== TASK INSTRUCTIONS ==
I need all the entries repeated exactly as written.

== DATA RECORDS ==
lemma component_le_unconditional_norm:
  fixes N :: "complex ^ 'n \<Rightarrow> real"
  assumes N: "is_norm_on_Cn N" and unc: "normalized_1_unconditional N"
  shows "cmod (z $ i) \<le> N z"
proof -
  \<comment> \<open>flipping all signs but the i-th one, z + w is twice the i-th coordinate vector\<close>
  define \<theta> :: "complex ^ 'n" where "\<theta> = (\<chi> j. if j = i then 1 else -1)"
  define w where "w = (\<chi> j. \<theta> $ j * z $ j)"
  have "\<forall>j. cmod (\<theta> $ j) = 1" by (simp add: \<theta>_def)
  then have "N w \<le> N z" using unc unfolding normalized_1_unconditional_def w_def by blast
  moreover have "z + w = (2 * z $ i) *s axis i 1"
    by (simp add: w_def \<theta>_def vec_eq_iff axis_def)
  then have "N (z + w) = 2 * cmod (z $ i)"
    using N unc unfolding is_norm_on_Cn_def normalized_1_unconditional_def by (simp add: norm_mult)
  moreover have "N (z + w) \<le> N z + N w" using N unfolding is_norm_on_Cn_def by blast
  ultimately show ?thesis by simp
qed

lemma bdd_above_l1_norms:
  fixes N :: "complex ^ 'n \<Rightarrow> real"
  assumes "is_norm_on_Cn N" and "normalized_1_unconditional N"
  shows "bdd_above ((\<lambda>z. \<Sum>i\<in>UNIV. cmod (z $ i)) ` {z. N z \<le> 1})"
proof (rule bdd_aboveI2)
  fix z assume "z \<in> {z. N z \<le> 1}"
  then have "cmod (z $ i) \<le> 1" for i
    using component_le_unconditional_norm[OF assms] by (meson mem_Collect_eq order_trans)
  then show "(\<Sum>i\<in>UNIV. cmod (z $ i)) \<le> real CARD('n)"
    using sum_mono[of UNIV "\<lambda>i. cmod (z $ i)" "\<lambda>_. 1"] by simp
qed

lemma id_to_l1_norm_ge_1:
  fixes N :: "complex ^ 'n \<Rightarrow> real"
  assumes "is_norm_on_Cn N" and unc: "normalized_1_unconditional N"
  shows "id_to_l1_norm N \<ge> 1"
proof -
  fix i :: 'n
  have "(\<Sum>j\<in>UNIV. cmod (axis i (1::complex) $ j)) = (\<Sum>j\<in>UNIV. if j = i then 1 else 0)"
    by (intro sum.cong) (auto simp: axis_def)
  moreover have "N (axis i 1) \<le> 1" using unc unfolding normalized_1_unconditional_def by simp
  ultimately have "1 \<in> (\<lambda>z. \<Sum>i\<in>UNIV. cmod (z $ i)) ` {z. N z \<le> 1}"
    by (intro rev_image_eqI[of "axis i 1"]) auto
  then show ?thesis
    unfolding id_to_l1_norm_def by (rule cSup_upper[OF _ bdd_above_l1_norms[OF assms]])
qed

text \<open>The supremum defining the norm of Id may be taken over the open ball, by scaling.\<close>

lemma id_to_l1_norm_le:
  fixes N :: "complex ^ 'n \<Rightarrow> real"
  assumes N: "is_norm_on_Cn N"
    and bound: "\<And>z. N z < 1 \<Longrightarrow> (\<Sum>i\<in>UNIV. cmod (z $ i)) \<le> b"
  shows "id_to_l1_norm N \<le> b"
  unfolding id_to_l1_norm_def
proof (rule cSup_least)
  have "N 0 = 0" using N unfolding is_norm_on_Cn_def by simp
  then have "0 \<in> {z. N z \<le> 1}" by simp
  then show "(\<lambda>z. \<Sum>i\<in>UNIV. cmod (z $ i)) ` {z. N z \<le> 1} \<noteq> {}" by blast
next
  fix x assume "x \<in> (\<lambda>z. \<Sum>i\<in>UNIV. cmod (z $ i)) ` {z. N z \<le> 1}"
  then obtain z where z: "N z \<le> 1" and x: "x = (\<Sum>i\<in>UNIV. cmod (z $ i))" by blast
  show "x \<le> b" unfolding x
  proof (rule field_le_mult_one_interval)
    fix t :: real assume t: "0 < t" "t < 1"
    have "N (complex_of_real t *s z) = t * N z" using N t unfolding is_norm_on_Cn_def by simp
    also have "\<dots> < 1" using t z mult_left_mono[of "N z" 1 t] by linarith
    finally have "(\<Sum>i\<in>UNIV. cmod ((complex_of_real t *s z) $ i)) \<le> b" by (rule bound)
    then show "t * (\<Sum>i\<in>UNIV. cmod (z $ i)) \<le> b"
      using t by (simp add: norm_mult sum_distrib_left)
  qed
qed

lemma ereal_mult_id_to_l1_norm_le:
  fixes N :: "complex ^ 'n \<Rightarrow> real"
  assumes N: "is_norm_on_Cn N" and t: "t \<ge> 0"
    and bound: "\<And>z. N z < 1 \<Longrightarrow> ereal (t * (\<Sum>i\<in>UNIV. cmod (z $ i))) \<le> B"
  shows "ereal (t * id_to_l1_norm N) \<le> B"
proof -
  have "N 0 = 0" using N unfolding is_norm_on_Cn_def by simp
  then have B0: "0 \<le> B" using bound[of 0] by (simp add: zero_ereal_def)
  show ?thesis
  proof (cases B)
    case (real b)
    show ?thesis
    proof (cases "t = 0")
      case False
      have "id_to_l1_norm N \<le> b / t"
        using N bound t False real by (intro id_to_l1_norm_le) (simp_all add: field_simps)
      then show ?thesis using t False real by (simp add: field_simps)
    qed (use B0 in \<open>simp add: zero_ereal_def\<close>)
  qed (use B0 in simp_all)
qed

lemma A_const_ge_id_to_l1_norm_mult:
  fixes U :: "'x::complex_banach \<Rightarrow> 'y::complex_banach" and N :: "complex ^ 'n \<Rightarrow> real"
  assumes N: "is_norm_on_Cn N" and r: "K_admissible lam (open_unit_ball N) p U r"
  shows "ereal (r / real CARD('n) * id_to_l1_norm N) \<le> A_const lam (open_unit_ball N) p U"
proof (rule ereal_mult_id_to_l1_norm_le[OF N])
  show "r / real CARD('n) \<ge> 0" using r unfolding K_admissible_def by simp
  show "ereal (r / real CARD('n) * (\<Sum>i\<in>UNIV. cmod (z $ i))) \<le> A_const lam (open_unit_ball N) p U"
    if "N z < 1" for z
    using that by (intro A_const_ge_l1_norm_mult[OF r]) (simp add: open_unit_ball_def)
qed

lemma ereal_mult_Sup_le:
  fixes c :: real and R :: "real set"
  assumes "c > 0" and "\<And>r. r \<in> R \<Longrightarrow> ereal (c * r) \<le> B"
  shows "ereal c * Sup (ereal ` R) \<le> B"
  using assms by (cases "R = {}") (simp_all add: bot_ereal_def Sup_ereal_mult_left' SUP_least)

theorem mainTheorem17:
  fixes U :: "'x::complex_banach \<Rightarrow> 'y::complex_banach"
    and N :: "complex ^ 'n \<Rightarrow> real"
    and lam p :: real
  assumes "complex_bounded_linear U"
    and "onorm U \<le> lam"
    and "lam \<ge> 1"
    and "1 \<le> p"
    and N: "is_norm_on_Cn N"
    and unc: "normalized_1_unconditional N"
  shows "A_const lam (open_unit_ball N) p U
           \<ge> ereal (id_to_l1_norm N / real CARD('n)) * K_const lam (open_unit_ball N) p U"
proof -
  have "ereal (id_to_l1_norm N / real CARD('n) * r) \<le> A_const lam (open_unit_ball N) p U"
    if "K_admissible lam (open_unit_ball N) p U r" for r
    using A_const_ge_id_to_l1_norm_mult[OF N that] by (simp add: mult.commute)
  moreover have "id_to_l1_norm N / real CARD('n) > 0" using id_to_l1_norm_ge_1[OF N unc] by simp
  ultimately show ?thesis
    unfolding K_const_eq_Sup_admissible by (intro ereal_mult_Sup_le) auto
qed

end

== EXPECTED ANSWER ==
lemma component_le_unconditional_norm:
  fixes N :: "complex ^ 'n \<Rightarrow> real"
  assumes N: "is_norm_on_Cn N" and unc: "normalized_1_unconditional N"
  shows "cmod (z $ i) \<le> N z"
proof -
  \<comment> \<open>flipping all signs but the i-th one, z + w is twice the i-th coordinate vector\<close>
  define \<theta> :: "complex ^ 'n" where "\<theta> = (\<chi> j. if j = i then 1 else -1)"
  define w where "w = (\<chi> j. \<theta> $ j * z $ j)"
  have "\<forall>j. cmod (\<theta> $ j) = 1" by (simp add: \<theta>_def)
  then have "N w \<le> N z" using unc unfolding normalized_1_unconditional_def w_def by blast
  moreover have "z + w = (2 * z $ i) *s axis i 1"
    by (simp add: w_def \<theta>_def vec_eq_iff axis_def)
  then have "N (z + w) = 2 * cmod (z $ i)"
    using N unc unfolding is_norm_on_Cn_def normalized_1_unconditional_def by (simp add: norm_mult)
  moreover have "N (z + w) \<le> N z + N w" using N unfolding is_norm_on_Cn_def by blast
  ultimately show ?thesis by simp
qed

lemma bdd_above_l1_norms:
  fixes N :: "complex ^ 'n \<Rightarrow> real"
  assumes "is_norm_on_Cn N" and "normalized_1_unconditional N"
  shows "bdd_above ((\<lambda>z. \<Sum>i\<in>UNIV. cmod (z $ i)) ` {z. N z \<le> 1})"
proof (rule bdd_aboveI2)
  fix z assume "z \<in> {z. N z \<le> 1}"
  then have "cmod (z $ i) \<le> 1" for i
    using component_le_unconditional_norm[OF assms] by (meson mem_Collect_eq order_trans)
  then show "(\<Sum>i\<in>UNIV. cmod (z $ i)) \<le> real CARD('n)"
    using sum_mono[of UNIV "\<lambda>i. cmod (z $ i)" "\<lambda>_. 1"] by simp
qed

lemma id_to_l1_norm_ge_1:
  fixes N :: "complex ^ 'n \<Rightarrow> real"
  assumes "is_norm_on_Cn N" and unc: "normalized_1_unconditional N"
  shows "id_to_l1_norm N \<ge> 1"
proof -
  fix i :: 'n
  have "(\<Sum>j\<in>UNIV. cmod (axis i (1::complex) $ j)) = (\<Sum>j\<in>UNIV. if j = i then 1 else 0)"
    by (intro sum.cong) (auto simp: axis_def)
  moreover have "N (axis i 1) \<le> 1" using unc unfolding normalized_1_unconditional_def by simp
  ultimately have "1 \<in> (\<lambda>z. \<Sum>i\<in>UNIV. cmod (z $ i)) ` {z. N z \<le> 1}"
    by (intro rev_image_eqI[of "axis i 1"]) auto
  then show ?thesis
    unfolding id_to_l1_norm_def by (rule cSup_upper[OF _ bdd_above_l1_norms[OF assms]])
qed

text \<open>The supremum defining the norm of Id may be taken over the open ball, by scaling.\<close>

lemma id_to_l1_norm_le:
  fixes N :: "complex ^ 'n \<Rightarrow> real"
  assumes N: "is_norm_on_Cn N"
    and bound: "\<And>z. N z < 1 \<Longrightarrow> (\<Sum>i\<in>UNIV. cmod (z $ i)) \<le> b"
  shows "id_to_l1_norm N \<le> b"
  unfolding id_to_l1_norm_def
proof (rule cSup_least)
  have "N 0 = 0" using N unfolding is_norm_on_Cn_def by simp
  then have "0 \<in> {z. N z \<le> 1}" by simp
  then show "(\<lambda>z. \<Sum>i\<in>UNIV. cmod (z $ i)) ` {z. N z \<le> 1} \<noteq> {}" by blast
next
  fix x assume "x \<in> (\<lambda>z. \<Sum>i\<in>UNIV. cmod (z $ i)) ` {z. N z \<le> 1}"
  then obtain z where z: "N z \<le> 1" and x: "x = (\<Sum>i\<in>UNIV. cmod (z $ i))" by blast
  show "x \<le> b" unfolding x
  proof (rule field_le_mult_one_interval)
    fix t :: real assume t: "0 < t" "t < 1"
    have "N (complex_of_real t *s z) = t * N z" using N t unfolding is_norm_on_Cn_def by simp
    also have "\<dots> < 1" using t z mult_left_mono[of "N z" 1 t] by linarith
    finally have "(\<Sum>i\<in>UNIV. cmod ((complex_of_real t *s z) $ i)) \<le> b" by (rule bound)
    then show "t * (\<Sum>i\<in>UNIV. cmod (z $ i)) \<le> b"
      using t by (simp add: norm_mult sum_distrib_left)
  qed
qed

lemma ereal_mult_id_to_l1_norm_le:
  fixes N :: "complex ^ 'n \<Rightarrow> real"
  assumes N: "is_norm_on_Cn N" and t: "t \<ge> 0"
    and bound: "\<And>z. N z < 1 \<Longrightarrow> ereal (t * (\<Sum>i\<in>UNIV. cmod (z $ i))) \<le> B"
  shows "ereal (t * id_to_l1_norm N) \<le> B"
proof -
  have "N 0 = 0" using N unfolding is_norm_on_Cn_def by simp
  then have B0: "0 \<le> B" using bound[of 0] by (simp add: zero_ereal_def)
  show ?thesis
  proof (cases B)
    case (real b)
    show ?thesis
    proof (cases "t = 0")
      case False
      have "id_to_l1_norm N \<le> b / t"
        using N bound t False real by (intro id_to_l1_norm_le) (simp_all add: field_simps)
      then show ?thesis using t False real by (simp add: field_simps)
    qed (use B0 in \<open>simp add: zero_ereal_def\<close>)
  qed (use B0 in simp_all)
qed

lemma A_const_ge_id_to_l1_norm_mult:
  fixes U :: "'x::complex_banach \<Rightarrow> 'y::complex_banach" and N :: "complex ^ 'n \<Rightarrow> real"
  assumes N: "is_norm_on_Cn N" and r: "K_admissible lam (open_unit_ball N) p U r"
  shows "ereal (r / real CARD('n) * id_to_l1_norm N) \<le> A_const lam (open_unit_ball N) p U"
proof (rule ereal_mult_id_to_l1_norm_le[OF N])
  show "r / real CARD('n) \<ge> 0" using r unfolding K_admissible_def by simp
  show "ereal (r / real CARD('n) * (\<Sum>i\<in>UNIV. cmod (z $ i))) \<le> A_const lam (open_unit_ball N) p U"
    if "N z < 1" for z
    using that by (intro A_const_ge_l1_norm_mult[OF r]) (simp add: open_unit_ball_def)
qed

lemma ereal_mult_Sup_le:
  fixes c :: real and R :: "real set"
  assumes "c > 0" and "\<And>r. r \<in> R \<Longrightarrow> ereal (c * r) \<le> B"
  shows "ereal c * Sup (ereal ` R) \<le> B"
  using assms by (cases "R = {}") (simp_all add: bot_ereal_def Sup_ereal_mult_left' SUP_least)

theorem mainTheorem17:
  fixes U :: "'x::complex_banach \<Rightarrow> 'y::complex_banach"
    and N :: "complex ^ 'n \<Rightarrow> real"
    and lam p :: real
  assumes "complex_bounded_linear U"
    and "onorm U \<le> lam"
    and "lam \<ge> 1"
    and "1 \<le> p"
    and N: "is_norm_on_Cn N"
    and unc: "normalized_1_unconditional N"
  shows "A_const lam (open_unit_ball N) p U
           \<ge> ereal (id_to_l1_norm N / real CARD('n)) * K_const lam (open_unit_ball N) p U"
proof -
  have "ereal (id_to_l1_norm N / real CARD('n) * r) \<le> A_const lam (open_unit_ball N) p U"
    if "K_admissible lam (open_unit_ball N) p U r" for r
    using A_const_ge_id_to_l1_norm_mult[OF N that] by (simp add: mult.commute)
  moreover have "id_to_l1_norm N / real CARD('n) > 0" using id_to_l1_norm_ge_1[OF N unc] by simp
  ultimately show ?thesis
    unfolding K_const_eq_Sup_admissible by (intro ereal_mult_Sup_le) auto
qed

end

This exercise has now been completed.